Composed Image Retrieval (CIR) targets the retrieval of images conditioned on a reference image and a textual modification, but constructing labeled triplets (reference image, textual modification, target image) is inherently challenging. Existing Zero-Shot CIR (ZS-CIR) approaches often rely on well-aligned vision-language models (VLMs) to combine visual and textual inputs, or use large language models (LLMs) for richer modification understanding. While LLM-based methods excel in capturing textual details, they are computationally costly, slow to infer, and often restricted by proprietary constraints. In this paper, we argue that the superior performance of LLM-based ZS-CIR methods primarily stems from their capacity to follow instructions, an aspect largely missing in more efficient projection-based models built upon VLMs. To bridge this gap, we introduce DistillCIR, a dual-stream distillation framework that transfers LLMs’ instruction-following capability into compact, projection-based architectures. By synthesizing triplet data with an LLM and incorporating a novel reasoning process, DistillCIR learns both composed retrieval and instruction awareness.
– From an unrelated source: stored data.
(* Let $n\ge1$ and write the Jones–Wenzl idempotent $f_n$ in the Temperley–Lieb algebra on $n$ strands as $f_n=\sum_M c_M(A)\,M$, the sum over crossingless matchings $M$ of $n$ points to $n$ points, with $c_M(A)\in\mathbb{Q}(A)$. Then for every $M$ with $c_M\neq0$, the minimum degree of $c_M(A)$, expanded as a Laurent series in $A$, is at least $2\ell(M)$, where $\ell(M)$ is the minimum length of a word in the hook generators $h_1,\dots,h_{n-1}$ representing $M$ in the Temperley–Lieb monoid.
   Context: The Temperley–Lieb algebra on $n$ strands over $\mathbb{Q}(A)$ has basis the crossingless matchings of $n$ points on the bottom to $n$ points on the top, multiplied by stacking, with each closed loop replaced by the factor $-A^2-A^{-2}$. The Temperley–Lieb monoid is the set of crossingless matchings with stacking as product where closed loops are simply discarded; it is generated by the hooks $h_i$ ($1\le i\le n-1$), the matching that joins top points $i,i+1$ to each other, bottom points $i,i+1$ to each other, and all other points vertically. With $\Delta_m=(-1)^m\frac{A^{2(m+1)}-A^{-2(m+1)}}{A^2-A^{-2}}$, the Jones–Wenzl idempotents are defined recursively by $f_1=\mathrm{id}$ and $f_{m+1}=(f_m\otimes\mathrm{id}_1)-\frac{\Delta_{m-1}}{\Delta_m}(f_m\otimes\mathrm{id}_1)\,h_m\,(f_m\otimes\mathrm{id}_1)$. *)

theory Defs
  imports "HOL-Computational_Algebra.Fraction_Field"
          "HOL-Computational_Algebra.Formal_Laurent_Series"
begin

text \<open>Boundary points of an n-strand diagram: (False,i) is the i-th bottom point,
 (True,i) the i-th top point (0-indexed, left to right), for i < n.
 A diagram is a fixed-point-free involution on these points, extended by the
 identity outside them (normalisation, so that diagrams are equal iff equal as functions).\<close>

type_synonym pt = "bool \<times> nat"
type_synonym diagram = "pt \<Rightarrow> pt"

definition pts :: "nat \<Rightarrow> pt set" where
  "pts n = {p. snd p < n}"

text \<open>Position of a point when walking around the boundary of the rectangle:
 bottom left-to-right, then top right-to-left.\<close>
definition bpos :: "nat \<Rightarrow> pt \<Rightarrow> nat" where
  "bpos n p = (if fst p then 2 * n - 1 - snd p else snd p)"

definition CM :: "nat \<Rightarrow> diagram set" where
  "CM n = {M. (\<forall>p\<in>pts n. M p \<in> pts n \<and> M p \<noteq> p \<and> M (M p) = p)
            \<and> (\<forall>p. p \<notin> pts n \<longrightarrow> M p = p)
            \<and> \<not> (\<exists>p\<in>pts n. \<exists>q\<in>pts n.
                   bpos n p < bpos n q \<and> bpos n q < bpos n (M p) \<and> bpos n (M p) < bpos n (M q))}"

definition id_diag :: "nat \<Rightarrow> diagram" where
  "id_diag n = (\<lambda>(b, j). if j < n then (\<not> b, j) else (b, j))"

text \<open>Hook h_i (1 \<le> i \<le> n-1), joining points i, i+1 (1-indexed) on top and on bottom.\<close>
definition hook :: "nat \<Rightarrow> nat \<Rightarrow> diagram" where
  "hook n i = (\<lambda>(b, j). if j = i - 1 then (b, i) else if j = i then (b, i - 1)
                        else if j < n then (\<not> b, j) else (b, j))"

text \<open>Stacking P (below) and Q (above): vertices (level, index) with level 0 = bottom of P,
 1 = middle (top of P = bottom of Q), 2 = top of Q.\<close>

definition lowlift :: "pt \<Rightarrow> nat \<times> nat" where
  "lowlift p = (if fst p then 1 else 0, snd p)"
definition uplift :: "pt \<Rightarrow> nat \<times> nat" where
  "uplift p = (if fst p then 2 else 1, snd p)"

definition glue_edges :: "nat \<Rightarrow> diagram \<Rightarrow> diagram \<Rightarrow> ((nat \<times> nat) \<times> (nat \<times> nat)) set" where
  "glue_edges n P Q = {(lowlift p, lowlift (P p)) | p. p \<in> pts n}
                    \<union> {(uplift p, uplift (Q p)) | p. p \<in> pts n}"

definition glue_conn :: "nat \<Rightarrow> diagram \<Rightarrow> diagram \<Rightarrow> ((nat \<times> nat) \<times> (nat \<times> nat)) set" where
  "glue_conn n P Q = (glue_edges n P Q)\<^sup>*"

definition outer :: "pt \<Rightarrow> nat \<times> nat" where
  "outer p = (if fst p then 2 else 0, snd p)"

text \<open>The product in the Temperley-Lieb monoid (closed loops discarded).\<close>
definition compose :: "nat \<Rightarrow> diagram \<Rightarrow> diagram \<Rightarrow> diagram" where
  "compose n P Q = (\<lambda>p. if p \<in> pts n then
        (THE q. q \<in> pts n \<and> q \<noteq> p \<and> (outer p, outer q) \<in> glue_conn n P Q) else p)"

text \<open>Number of closed loops created by stacking: connected components of the glued
 picture consisting of middle vertices only.\<close>
definition loops :: "nat \<Rightarrow> diagram \<Rightarrow> diagram \<Rightarrow> nat" where
  "loops n P Q = card ((\<lambda>v. glue_conn n P Q `` {v}) `
      {v. fst v = 1 \<and> snd v < n \<and> (\<forall>p\<in>pts n. (v, outer p) \<notin> glue_conn n P Q)})"

type_synonym ratfun = "rat poly fract"

definition varA :: ratfun where "varA = Fraction_Field.Fract [:0, 1:] 1"

definition laurent :: "ratfun \<Rightarrow> rat fls" where
  "laurent x = (THE L. \<exists>p q. q \<noteq> 0 \<and> x = Fraction_Field.Fract p q \<and>
        L = fps_to_fls (fps_of_poly p) / fps_to_fls (fps_of_poly q))"

definition min_deg :: "ratfun \<Rightarrow> int" where
  "min_deg x = fls_subdegree (laurent x)"

definition loop_val :: ratfun where
  "loop_val = - (varA ^ 2) - (inverse varA) ^ 2"

definition Delta :: "nat \<Rightarrow> ratfun" where
  "Delta m = (-1) ^ m * (varA ^ (2 * (m + 1)) - inverse varA ^ (2 * (m + 1)))
                       / (varA ^ 2 - inverse varA ^ 2)"

text \<open>Elements of TL_n: coefficient functions on diagrams, supported on CM n.\<close>
type_synonym tl = "diagram \<Rightarrow> ratfun"

definition basis :: "nat \<Rightarrow> diagram \<Rightarrow> tl" where
  "basis n M = (\<lambda>D. if D = M then 1 else 0)"

definition tl_mult :: "nat \<Rightarrow> tl \<Rightarrow> tl \<Rightarrow> tl" where
  "tl_mult n a b = (\<lambda>M. \<Sum>P\<in>CM n. \<Sum>Q\<in>CM n.
      if compose n P Q = M then a P * b Q * loop_val ^ loops n P Q else 0)"

text \<open>x \<mapsto> x \<otimes> id_1 : adds a vertical strand at the right (index n).\<close>
definition tensor1 :: "nat \<Rightarrow> tl \<Rightarrow> tl" where
  "tensor1 n a = (\<lambda>M. if M (False, n) = (True, n)
                       then a (\<lambda>p. if p \<in> pts n then M p else p) else 0)"

fun jw :: "nat \<Rightarrow> tl" where
  "jw 0 = basis 0 (id_diag 0)"
| "jw (Suc 0) = basis 1 (id_diag 1)"
| "jw (Suc (Suc m)) =
     (let g = tensor1 (Suc m) (jw (Suc m));
          r = Delta m / Delta (Suc m);
          t = tl_mult (Suc (Suc m)) (tl_mult (Suc (Suc m)) g (basis (Suc (Suc m)) (hook (Suc (Suc m)) (Suc m)))) g
      in (\<lambda>M. g M - r * t M))"

definition word_eval :: "nat \<Rightarrow> nat list \<Rightarrow> diagram" where
  "word_eval n w = foldr (\<lambda>i D. compose n (hook n i) D) w (id_diag n)"

definition hook_len :: "nat \<Rightarrow> diagram \<Rightarrow> nat" where
  "hook_len n M = (LEAST k. \<exists>w. length w = k \<and> set w \<subseteq> {1..n-1} \<and> word_eval n w = M)"

end

theory Submission
  imports Defs
begin

(* Give a crossingless matching the cut weight: the number of its arcs crossing the vertical
   lines between consecutive positions, summed over all these lines. When P is stacked under Q,
   every arc of the product crossing a line comes from a different crossing of P or Q, and
   every closed loop crosses some line at least twice, so
     weight (P Q) + 2 * loops (P, Q) <= weight P + weight Q.
   A loop contributes -A^2 - A^-2, of minimal degree -2, a hook has weight 2, and
   Delta_(m-1) / Delta_m has minimal degree 2; by induction along the recursion every
   coefficient c_M of f_n therefore has minimal degree at least weight M.
   Conversely, a matching other than the identity has a cup (a, a + 1) on its bottom edge, and
   M = h_(a+1) M' for a matching M' of weight at most weight M - 2, so M is a product of at
   most weight M / 2 hooks. *)

section \<open>Laurent valuation on the coefficient field\<close>

abbreviation fls_of_poly :: "rat poly \<Rightarrow> rat fls" where
  "fls_of_poly p \<equiv> fps_to_fls (fps_of_poly p)"

lemma laurent_Fract:
  assumes "q \<noteq> 0"
  shows "laurent (Fraction_Field.Fract p q) = fls_of_poly p / fls_of_poly q"
  unfolding laurent_def
proof (rule the_equality)
  fix L
  assume "\<exists>p' q'. q' \<noteq> 0 \<and> Fraction_Field.Fract p q = Fraction_Field.Fract p' q' \<and>
            L = fls_of_poly p' / fls_of_poly q'"
  then obtain p' q' where q': "q' \<noteq> 0" and eq: "Fraction_Field.Fract p q = Fraction_Field.Fract p' q'"
    and L: "L = fls_of_poly p' / fls_of_poly q'"
    by blast
  have "p * q' = p' * q" using eq assms q' by (simp add: eq_fract)
  hence "fls_of_poly p * fls_of_poly q' = fls_of_poly p' * fls_of_poly q"
    by (metis fps_of_poly_mult fls_times_fps_to_fls)
  thus "L = fls_of_poly p / fls_of_poly q" using L assms q' by (simp add: frac_eq_eq)
qed (use assms in blast)

lemma laurent_mult: "laurent (x * y) = laurent x * laurent y"
  by (cases x, cases y) (simp add: laurent_Fract fps_of_poly_mult fls_times_fps_to_fls)

lemma laurent_add: "laurent (x + y) = laurent x + laurent y"
  by (cases x, cases y)
    (simp add: laurent_Fract fps_of_poly_mult fls_times_fps_to_fls fps_of_poly_add add_frac_eq mult.commute)

lemma laurent_zero [simp]: "laurent 0 = 0"
  by (simp add: Zero_fract_def laurent_Fract)

lemma laurent_one [simp]: "laurent 1 = 1"
  by (simp add: One_fract_def laurent_Fract)

lemma laurent_uminus: "laurent (- x) = - laurent x"
  by (cases x) (simp add: laurent_Fract fps_of_poly_uminus)

lemma laurent_diff: "laurent (x - y) = laurent x - laurent y"
  by (simp only: diff_conv_add_uminus laurent_add laurent_uminus)

lemma laurent_eq_0_iff [simp]: "laurent x = 0 \<longleftrightarrow> x = 0"
proof (cases x)
  case (Fract a b)
  have "x = 0 \<longleftrightarrow> a = 0" using Fract by (simp add: Zero_fract_def eq_fract)
  thus ?thesis using Fract by (simp add: laurent_Fract)
qed

lemma laurent_inverse: "laurent (inverse x) = inverse (laurent x)"
proof (cases "x = 0")
  case False
  hence "laurent x * laurent (inverse x) = 1" by (metis laurent_mult laurent_one right_inverse)
  thus ?thesis by (metis inverse_unique)
qed simp

lemma laurent_divide: "laurent (x / y) = laurent x / laurent y"
  by (simp add: divide_inverse laurent_mult laurent_inverse)

lemma laurent_power: "laurent (x ^ k) = laurent x ^ k"
  by (induction k) (simp_all add: laurent_mult)

lemma laurent_varA: "laurent varA = fls_X"
  by (simp add: varA_def laurent_Fract)

text \<open>The case \<open>x = 0\<close> is excluded explicitly: its \<open>min_deg\<close> is the junk value \<open>0\<close>.\<close>

definition min_deg_ge :: "int \<Rightarrow> ratfun \<Rightarrow> bool" where
  "min_deg_ge k x \<longleftrightarrow> x = 0 \<or> k \<le> min_deg x"

lemma min_deg_ge_iff: "min_deg_ge k x \<longleftrightarrow> (\<forall>i<k. fls_nth (laurent x) i = 0)"
proof
  assume h: "\<forall>i<k. fls_nth (laurent x) i = 0"
  show "min_deg_ge k x"
    using fls_subdegree_geI[of "laurent x" k] h by (auto simp: min_deg_ge_def min_deg_def)
qed (auto simp: min_deg_ge_def min_deg_def)

lemma min_deg_ge_zero [simp]: "min_deg_ge k 0"
  by (simp add: min_deg_ge_def)

lemma min_deg_ge_one: "min_deg_ge 0 1"
  by (simp add: min_deg_ge_def min_deg_def)

lemma min_deg_geD: "min_deg_ge k x \<Longrightarrow> x \<noteq> 0 \<Longrightarrow> k \<le> min_deg x"
  by (simp add: min_deg_ge_def)

lemma min_deg_ge_mono: "min_deg_ge k x \<Longrightarrow> k' \<le> k \<Longrightarrow> min_deg_ge k' x"
  by (auto simp: min_deg_ge_def)

lemma min_deg_ge_add: "min_deg_ge k x \<Longrightarrow> min_deg_ge k y \<Longrightarrow> min_deg_ge k (x + y)"
  by (simp add: min_deg_ge_iff laurent_add)

lemma min_deg_ge_diff: "min_deg_ge k x \<Longrightarrow> min_deg_ge k y \<Longrightarrow> min_deg_ge k (x - y)"
  by (simp add: min_deg_ge_iff laurent_diff)

lemma min_deg_ge_sum:
  "finite A \<Longrightarrow> (\<And>a. a \<in> A \<Longrightarrow> min_deg_ge k (f a)) \<Longrightarrow> min_deg_ge k (sum f A)"
  by (induction A rule: finite_induct) (auto intro: min_deg_ge_add)

lemma min_deg_ge_mult: "min_deg_ge k x \<Longrightarrow> min_deg_ge l y \<Longrightarrow> min_deg_ge (k + l) (x * y)"
  by (cases "x = 0 \<or> y = 0") (auto simp: min_deg_ge_def min_deg_def laurent_mult)

lemma min_deg_eq_imp_min_deg_ge: "fls_subdegree (laurent x) = k \<Longrightarrow> min_deg_ge k x"
  by (simp add: min_deg_ge_def min_deg_def)

lemma fls_subdegree_X_power_diff_X_inv_power:
  assumes "k > 0"
  shows "fls_X ^ k - fls_X_inv ^ k \<noteq> (0 :: rat fls)"
    and "fls_subdegree (fls_X ^ k - fls_X_inv ^ k :: rat fls) = - int k"
proof -
  have "fls_subdegree (fls_X ^ k :: rat fls) \<noteq> fls_subdegree (fls_X_inv ^ k :: rat fls)"
    using assms by simp
  thus "fls_X ^ k - fls_X_inv ^ k \<noteq> (0 :: rat fls)" by (metis eq_iff_diff_eq_0)
  show "fls_subdegree (fls_X ^ k - fls_X_inv ^ k :: rat fls) = - int k"
    using assms by (subst fls_subdegree_diff_eq2) auto
qed

lemma laurent_Delta:
  "laurent (Delta m) = (-1) ^ m * (fls_X ^ (2 * (m + 1)) - fls_X_inv ^ (2 * (m + 1))) / (fls_X ^ 2 - fls_X_inv ^ 2)"
  by (simp add: Delta_def laurent_mult laurent_divide laurent_diff laurent_power laurent_varA
      laurent_inverse fls_inverse_X laurent_uminus)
In addition, we train an open-source multimodal LLM on the generated data, and further distill its instruction-aware embeddings into the projection-based model. Without any reliance on LLMs at inference, DistillCIR significantly surpasses state-of-the-art ZS-CIR methods in both performance and efficiency, offering a promising direction for instruction-aware, lightweight CIR.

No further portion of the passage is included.